I don’t do nothing. When stock prices are low, I am a buyer. If analysis shows that a company is selling below fair value, then you should act. I have been retired for 8 years now, and I have more money than I ever had.

Humble Reader
Humble Reader
2 months ago
Reply to  Ormode

Curious about the “buy when stock prices are low” strategy. To be able to buy, some asset needs to be spent. We keep enough cash on hand for planned expenses and to feel comfortable about the unplanned future. But most of our assets are kept fully invested. Perhaps we could do a modest amount of bargain buying with some of our cash, but not enough to make much of a difference. Do you hold more cash or other liquid assets specifically to be able to take advantage of buying opportunities? And if in cash, how does inflation factor in to your results?

Derek R. Austin
Derek R. Austin
2 months ago
Reply to  Humble Reader

You could finance purchasing stocks with margin loans (against your existing holdings), mortgage equity (by not prepaying your mortgage or using a HELOC or reverse mortgage), or fixed-rate (unsecured) personal loans.

R Quinn
R Quinn
2 months ago

If only more people would follow this strategy, especially workers in their 401k. I hope they are more educated today than back in 2008 when I was managing plans, but I’m not so sure.

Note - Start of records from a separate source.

(* There is a weight-halving bijection from $[\mathcal{D}_{o}\times\mathcal{D}_{o}\times\mathcal{D}\times\mathcal{D}]_{\mathsf{even}}$ to $\mathcal{D}_{o}\times\mathcal{D}_{o}\times\mathcal{D}_{o}\times\mathcal{D}_{o}\times\mathcal{D}\times\mathcal{D}\times\mathcal{D}\times\mathcal{D}$. As a consequence, the numbers $P_{1^{-4}2^{6}4^{-2}}(n)$ defined by $\sum_{n\ge0}P_{1^{-4}2^{6}4^{-2}}(n)q^n=\frac{f_2^6}{f_1^4f_4^2}$ form a $2$-convolutive sequence, i.e. $\sum_{n\ge0}P_{1^{-4}2^{6}4^{-2}}(2n)q^n=\big(\sum_{n\ge0}P_{1^{-4}2^{6}4^{-2}}(n)q^n\big)^2$.
   Context: A partition is a non-increasing finite sequence of positive integers (parts); its weight is the sum of its parts. $\mathcal{D}$ denotes the set of partitions into distinct parts, and $\mathcal{D}_{o}$ the set of partitions into distinct odd parts. The weight of a tuple of partitions is the sum of the weights of its components. For a set $\mathcal{U}$ of weighted objects, $[\mathcal{U}]_{\mathsf{even}}$ is the subset of members of even weight. A bijection is weight-halving if the weight of the image is half the weight of the object. $f_i:=(q^i;q^i)_\infty=\prod_{k\ge1}(1-q^{ik})$. A sequence $(a_n)_{n\ge0}$ is $m$-convolutive if $\sum_{n\ge0}a_{mn}q^n=\big(\sum_{n\ge0}a_nq^n\big)^m$. *)

theory Defs
  imports "HOL-Computational_Algebra.Formal_Power_Series"
begin

text \<open>A partition is represented as a list of its parts in non-increasing order.
  Partitions into distinct parts are strictly decreasing lists of positive integers.\<close>

definition is_partition :: "nat list \<Rightarrow> bool" where
  "is_partition xs \<longleftrightarrow> sorted_wrt (\<ge>) xs \<and> (\<forall>x\<in>set xs. 0 < x)"

definition weight :: "nat list \<Rightarrow> nat" where
  "weight xs = sum_list xs"

definition D :: "nat list set" where
  "D = {xs. is_partition xs \<and> distinct xs}"

definition Do :: "nat list set" where
  "Do = {xs. xs \<in> D \<and> (\<forall>x\<in>set xs. odd x)}"

definition weight4 :: "nat list \<times> nat list \<times> nat list \<times> nat list \<Rightarrow> nat" where
  "weight4 t = (case t of (a,b,c,d) \<Rightarrow> weight a + weight b + weight c + weight d)"

definition weight8 :: "nat list \<times> nat list \<times> nat list \<times> nat list \<times>
                       nat list \<times> nat list \<times> nat list \<times> nat list \<Rightarrow> nat" where
  "weight8 t = (case t of (a,b,c,d,e,f,g,h) \<Rightarrow>
     weight a + weight b + weight c + weight d + weight e + weight f + weight g + weight h)"

definition Src :: "(nat list \<times> nat list \<times> nat list \<times> nat list) set" where
  "Src = {t. t \<in> Do \<times> Do \<times> D \<times> D \<and> even (weight4 t)}"

definition Tgt :: "(nat list \<times> nat list \<times> nat list \<times> nat list \<times>
                    nat list \<times> nat list \<times> nat list \<times> nat list) set" where
  "Tgt = Do \<times> Do \<times> Do \<times> Do \<times> D \<times> D \<times> D \<times> D"

text \<open>f_i = prod_{k>=1} (1 - q^{ik}) as a formal power series; for i >= 1 its n-th
  coefficient equals that of the finite product over k = 1..n.\<close>
definition f_fps :: "nat \<Rightarrow> rat fps" where
  "f_fps i = Abs_fps (\<lambda>n. fps_nth (\<Prod>k\<in>{1..n}. (1 - fps_X ^ (i * k))) n)"

definition P_seq :: "nat \<Rightarrow> rat" where
  "P_seq n = fps_nth (f_fps 2 ^ 6 / (f_fps 1 ^ 4 * f_fps 4 ^ 2)) n"

end

theory Submission
  imports Defs "HOL-Library.Disjoint_Sets"
begin

unbundle fps_syntax

text \<open>Both claims come down to the even part \<open>\<Sum>\<^sub>n P(2n) q\<^sup>n\<close> of
  \<open>F = f\<^sub>2\<^sup>6 / (f\<^sub>1\<^sup>4 f\<^sub>4\<^sup>2)\<close> being \<open>F\<^sup>2\<close>. Euler's product identities give
  \<open>F = (-q; q\<^sup>2)\<^sub>\<infinity>\<^sup>2 (-q; q)\<^sub>\<infinity>\<^sup>2\<close>, the generating function of \<open>Do \<times> Do \<times> D \<times> D\<close>, so \<open>F\<^sup>2\<close> is
  that of the target, and equal counts in every weight give the weight-halving bijection.

  By Gauss's identity \<open>f\<^sub>2 (-s q; q\<^sup>2)\<^sub>\<infinity>\<^sup>2 = \<phi>(s q)\<close>, a limit of the finite Jacobi triple
  product, \<open>F = \<phi>(q) / \<phi>(-q)\<close>. The map \<open>(a, b) \<mapsto> (a + b, a - b)\<close> on representations as sums of
  two squares shows that \<open>\<phi>(q)\<^sup>2\<close> equals its own even part and that
  \<open>\<phi>(q) \<phi>(-q) = \<phi>(-q\<^sup>2)\<^sup>2\<close>. Hence \<open>F = \<phi>(q)\<^sup>2 / \<phi>(-q\<^sup>2)\<^sup>2\<close> has even part
  \<open>\<phi>(q)\<^sup>2 / \<phi>(-q)\<^sup>2 = F\<^sup>2\<close>.\<close>

definition fps_eq_upto :: "nat \<Rightarrow> 'a fps \<Rightarrow> 'a fps \<Rightarrow> bool" where
  "fps_eq_upto m A B \<longleftrightarrow> (\<forall>i\<le>m. A $ i = B $ i)"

You’re right, cash is not a good alternative in this context, but having a pile of cash in retirement for just such occasions as a bear market can help avoid these mistakes – I hope.

There is a plus side when markets decline. Capital gains, dividends and interest being reinvested are buying more shares for the ride back up in the future.

Last edited 2 months ago by R Quinn
Philip Stein
Philip Stein
2 months ago
Reply to  R Quinn

Another plus: If the bear market drives down the value of your portfolio as of December 31, 2022, your RMD in 2023 will be lower. A smaller required withdrawal should help your portfolio recover faster.

Martymac
Martymac
2 months ago

Good advice! With the Fed probably going to hike two more times this year, prime money markets will benefit.